*Problem description*
Locate each line in the records containing "words". Copy it.

*Records to use*
lemma gadget_value_insert_row:
  assumes j: "j < n" and l: "l < n"
  shows "gadget_value n T v j l = insert_row n T v j l"
proof -
  define W where "W = (\<lambda>l. v l + (\<Sum>j<n. (0 - v j * T j j) * T j l))"
  define E where "E = (\<lambda>j. W j * qinv (W j))"
  define S where "S = (\<lambda>j. prefix_flags E 1 j * E j)"
  have gadget: "gadget_value n T v = (\<lambda>j l. T j l +
      (\<Sum>i<(1::nat). (S j - (0 + (\<Sum>l<n. S l * T j l))) * ((0 + (\<Sum>j<n. S j * qinv (W j))) * W l)))"
    unfolding gadget_value_def Let_def S_def E_def W_def by (rule refl)
  define w where "w = sifted n T v"
  have W: "W i = w i" if "i < n" for i
    using that by (simp add: W_def w_def sifted_def trow_def sum_negf[symmetric])
  have "prefix_flags E 1 k = (if \<forall>i<k. w i = 0 then 1 else 0)" if "k \<le> n" for k
    using that by (intro prefix_flags_indicator) (simp add: E_def W qinv_def)
  hence S: "S i = first_nz w i" if "i < n" for i
    using that W[OF that] by (simp add: S_def E_def first_nz_def qinv_def)
  have "(\<Sum>i<n. S i * qinv (W i)) = (\<Sum>i<n. first_nz w i * qinv (w i))"
    and "(\<Sum>i<n. S i * T j i) = (\<Sum>i<n. first_nz w i * T j i)"
    by (simp_all add: S W)
  thus ?thesis
    unfolding gadget insert_row_def Let_def w_def[symmetric] using S[OF j] W[OF l] by simp
qed

definition neg_pivot_coeffs_g :: "nat \<Rightarrow> nat \<Rightarrow> (nat \<Rightarrow> nat \<Rightarrow> nat) \<Rightarrow> (nat \<Rightarrow> nat) \<Rightarrow> ('a, nat list) gen" where
  "neg_pivot_coeffs_g n a0 tA vA = map_g (\<lambda>j. gbind (mul_g (vA j) (tA j j)) (\<lambda>c. sub_g a0 c)) n"

definition sift_g :: "nat \<Rightarrow> (nat \<Rightarrow> nat \<Rightarrow> nat) \<Rightarrow> (nat \<Rightarrow> nat) \<Rightarrow> nat list \<Rightarrow> ('a, nat list) gen" where
  "sift_g n tA vA cs = map_g (\<lambda>l. lincomb_g (vA l) (\<lambda>j. cs ! j) (\<lambda>j. tA j l) n) n"

definition qinv_all_g :: "nat \<Rightarrow> nat list \<Rightarrow> ('a, nat list) gen" where
  "qinv_all_g n ws = map_g (\<lambda>j. qinv_g (ws ! j)) n"

definition clear_coeffs_g :: "nat \<Rightarrow> nat \<Rightarrow> (nat \<Rightarrow> nat \<Rightarrow> nat) \<Rightarrow> nat list \<Rightarrow> ('a, nat list) gen" where
  "clear_coeffs_g n a0 tA ss = map_g (\<lambda>j. gbind (lincomb_g a0 (\<lambda>l. ss ! l) (\<lambda>l. tA j l) n) (\<lambda>x. sub_g (ss ! j) x)) n"

definition update_g :: "nat \<Rightarrow> (nat \<Rightarrow> nat \<Rightarrow> nat) \<Rightarrow> nat list \<Rightarrow> nat list \<Rightarrow> ('a, nat list list) gen" where
  "update_g n tA ds us = map_g (\<lambda>j. map_g (\<lambda>l. lincomb_g (tA j l) (\<lambda>_. ds ! j) (\<lambda>_. us ! l) 1) n) n"

lemma neg_pivot_coeffs_g_spec:
  assumes st: "stable F"
    and pre: "\<And>t. F t \<Longrightarrow> holds t a0 0 \<and> holds_table t n tA T \<and> (\<forall>j<n. holds t (vA j) (v j))"
  shows "hoare F (neg_pivot_coeffs_g n a0 tA vA) (\<lambda>r t. F t \<and> holds_list t n r (\<lambda>j. 0 - v j * T j j))"
  unfolding neg_pivot_coeffs_g_def
proof (rule map_g_values[OF st])
  fix j F' assume j: "j < n" and st': "stable F'" and FF: "\<And>t. F' t \<Longrightarrow> F t"
  show "hoare F' (gbind (mul_g (vA j) (tA j j)) (\<lambda>c. sub_g a0 c)) (\<lambda>r t. F' t \<and> holds t r (0 - v j * T j j))"
  proof (rule hoare_bind[OF mul_g_spec[OF st']])
    fix c
    show "hoare (\<lambda>t. F' t \<and> holds t c (v j * T j j)) (sub_g a0 c) (\<lambda>r t. F' t \<and> holds t r (0 - v j * T j j))"
      by (rule hoare_conseq[OF sub_g_spec[OF stable_conj[OF st' stable_holds]]]) (use pre FF in blast)+
  qed (use pre FF j in blast)
qed

lemma sift_g_spec:
  assumes st: "stable F"
    and pre: "\<And>t. F t \<Longrightarrow> holds_table t n tA T \<and> (\<forall>j<n. holds t (vA j) (v j)) \<and> holds_list t n cs c"
  shows "hoare F (sift_g n tA vA cs) (\<lambda>r t. F t \<and> holds_list t n r (\<lambda>l. v l + (\<Sum>j<n. c j * T j l)))"
  unfolding sift_g_def
  by (intro map_g_values[OF st] lincomb_g_spec) (use pre in blast)+

lemma qinv_all_g_spec:
  assumes st: "stable F" and pre: "\<And>t. F t \<Longrightarrow> holds_list t n ws w"
  shows "hoare F (qinv_all_g n ws) (\<lambda>r t. F t \<and> holds_list t n r (\<lambda>j. qinv (w j)))"
  unfolding qinv_all_g_def
  by (intro map_g_values[OF st] qinv_g_spec) (use pre in blast)+

lemma clear_coeffs_g_spec:
  assumes st: "stable F"
    and pre: "\<And>t. F t \<Longrightarrow> holds t a0 0 \<and> holds_table t n tA T \<and> holds_list t n ss s"
  shows "hoare F (clear_coeffs_g n a0 tA ss)
           (\<lambda>r t. F t \<and> holds_list t n r (\<lambda>j. s j - (0 + (\<Sum>l<n. s l * T j l))))"
  unfolding clear_coeffs_g_def
proof (rule map_g_values[OF st])
  fix j F' assume j: "j < n" and st': "stable F'" and FF: "\<And>t. F' t \<Longrightarrow> F t"
  show "hoare F' (gbind (lincomb_g a0 (\<lambda>l. ss ! l) (\<lambda>l. tA j l) n) (\<lambda>x. sub_g (ss ! j) x))
      (\<lambda>r t. F' t \<and> holds t r (s j - (0 + (\<Sum>l<n. s l * T j l))))"
  proof (rule hoare_bind[OF lincomb_g_spec[OF st']])
    fix x
    show "hoare (\<lambda>t. F' t \<and> holds t x (0 + (\<Sum>l<n. s l * T j l))) (sub_g (ss ! j) x)
        (\<lambda>r t. F' t \<and> holds t r (s j - (0 + (\<Sum>l<n. s l * T j l))))"
      by (rule hoare_conseq[OF sub_g_spec[OF stable_conj[OF st' stable_holds]]]) (use pre FF j in blast)+
  qed (use pre FF j in blast)
qed

lemma update_g_spec:
  assumes st: "stable F"
    and pre: "\<And>t. F t \<Longrightarrow> holds_table t n tA T \<and> holds_list t n ds d \<and> holds_list t n us u"
  shows "hoare F (update_g n tA ds us) (\<lambda>r t. F t \<and> length r = n \<and>
           (\<forall>j<n. holds_list t n (r ! j) (\<lambda>l. T j l + (\<Sum>i<(1::nat). d j * u l))))"
  unfolding update_g_def
proof (rule map_g_spec[OF st])
  fix j F' assume j: "j < n" and st': "stable F'" and FF: "\<And>t. F' t \<Longrightarrow> F t"
  show "hoare F' (map_g (\<lambda>l. lincomb_g (tA j l) (\<lambda>_. ds ! j) (\<lambda>_. us ! l) 1) n)
          (\<lambda>r t. F' t \<and> holds_list t n r (\<lambda>l. T j l + (\<Sum>i<(1::nat). d j * u l)))"
    by (intro map_g_values[OF st'] lincomb_g_spec) (use pre FF j in blast)+
qed (intro stable_intros)
text \<open>Round every grid index down to the nearest index whose point lies in C^+; index 0 always
  qualifies because S_min is in C^+. Pushing a distribution forward along this rounding keeps it
  supported on C^+ and does not increase its mean. It also maps Omega(x,T_l) into itself: at the
  first position j where a sample y exceeds x, we have y_(j) > x_(j) = S_k, and S_(k+1) lies in C^+,
  so y_(j) is not rounded below S_(k+1) > x_(j); at the earlier positions y agrees with x, whose
  values lie in C and are kept. Hence the pushforward maps G(Omega(x,T_l),alpha) into
  G_(C^+)(Omega(x,T_l),alpha), by continuity the closures as well, and the pushforward of a
  minimiser of the mean over the compact set F(Omega(x,T_l),alpha) is a minimiser in
  F_(C^+)(Omega(x,T_l),alpha).\<close>

lemma sort_map_mono:
  assumes "mono f"
  shows "sort (map f xs) = map f (sort xs)"
proof (rule properties_for_sort)
  show "sorted (map f (sort xs))"
    using assms by (simp add: sorted_map monoD sorted_wrt_mono_rel[of _ "(\<le>)"])
qed simp

lemma lowlex_le_Cons:
  "lowlex_le (x # xs) (y # ys) \<longleftrightarrow> x < y \<or> x = y \<and> lowlex_le xs ys"
proof
  assume "lowlex_le (x # xs) (y # ys)"
  then consider "x # xs = y # ys"
    | j where "j < length (x # xs)" "j < length (y # ys)"
        "\<forall>i<j. (x # xs) ! i = (y # ys) ! i" "(x # xs) ! j < (y # ys) ! j"
    unfolding lowlex_le_def by blast
  then show "x < y \<or> x = y \<and> lowlex_le xs ys"
  proof cases
    case (2 j)
    then show ?thesis
    proof (cases j)
      case (Suc i)
      with 2 have "x = y" and "lowlex_le xs ys"
        by (auto simp: lowlex_le_def) (metis Suc_less_eq nth_Cons_Suc)
      then show ?thesis by blast
    qed simp
  qed (simp add: lowlex_le_def)
next
  assume "x < y \<or> x = y \<and> lowlex_le xs ys"
  then show "lowlex_le (x # xs) (y # ys)"
  proof (elim disjE conjE)
    assume "x < y"
    then show ?thesis unfolding lowlex_le_def by force
  next
    assume "x = y" "lowlex_le xs ys"
    then consider "xs = ys" | j where "j < length xs" "j < length ys"
        "\<forall>i<j. xs ! i = ys ! i" "xs ! j < ys ! j"
      unfolding lowlex_le_def by blast
    then show ?thesis
    proof cases
      case (2 j)
      then show ?thesis unfolding lowlex_le_def using \<open>x = y\<close>
        by (intro disjI2 exI[of _ "Suc j"]) (auto simp: less_Suc_eq_0_disj)
    qed (simp add: lowlex_le_def \<open>x = y\<close>)
  qed
qed

lemma lowlex_le_replicate:
  assumes "\<And>x. x \<in> set xs \<Longrightarrow> x \<le> t"
  shows "lowlex_le xs (replicate (length xs) t)"
  using assms by (induction xs) (auto simp: lowlex_le_Cons lowlex_le_def[of "[]"] le_less)

lemma lowlex_le_map_replace:
  assumes "lowlex_le xs (map g zs)" "length xs = length zs"
    and "\<And>x z. x \<in> set xs \<Longrightarrow> z \<in> set zs \<Longrightarrow> x = g z \<Longrightarrow> h z = g z"
    and "\<And>x z. x \<in> set xs \<Longrightarrow> z \<in> set zs \<Longrightarrow> x < g z \<Longrightarrow> x < h z"
  shows "lowlex_le xs (map h zs)"
  using assms(2,1,3,4) by (induction xs zs rule: list_induct2) (auto simp: lowlex_le_Cons)

definition round_down :: "(nat \<Rightarrow> bool) \<Rightarrow> nat \<Rightarrow> nat" where
  "round_down P z = (GREATEST j. j \<le> z \<and> P j)"

context
  fixes P :: "nat \<Rightarrow> bool"
  assumes P0: "P 0"
begin

lemma round_down_le: "round_down P z \<le> z"
  and round_down_sat: "P (round_down P z)"
  unfolding round_down_def using GreatestI_nat[of "\<lambda>j. j \<le> z \<and> P j" 0 z] P0 by auto

lemma le_round_down: "j \<le> z \<Longrightarrow> P j \<Longrightarrow> j \<le> round_down P z"
  unfolding round_down_def by (rule Greatest_le_nat[of _ j z]) auto

lemma round_down_fixed: "P z \<Longrightarrow> round_down P z = z"
  using round_down_le le_round_down by (simp add: order_antisym)

lemma mono_round_down: "mono (round_down P)"
  by (rule monoI) (meson le_round_down le_trans round_down_le round_down_sat)

end

definition words :: "nat \<Rightarrow> nat \<Rightarrow> nat list set" where
  "words m n = {ks. length ks = n \<and> set ks \<subseteq> {..<m}}"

*Task result*
definition words :: "nat \<Rightarrow> nat \<Rightarrow> nat list set" where
  "words m n = {ks. length ks = n \<and> set ks \<subseteq> {..<m}}"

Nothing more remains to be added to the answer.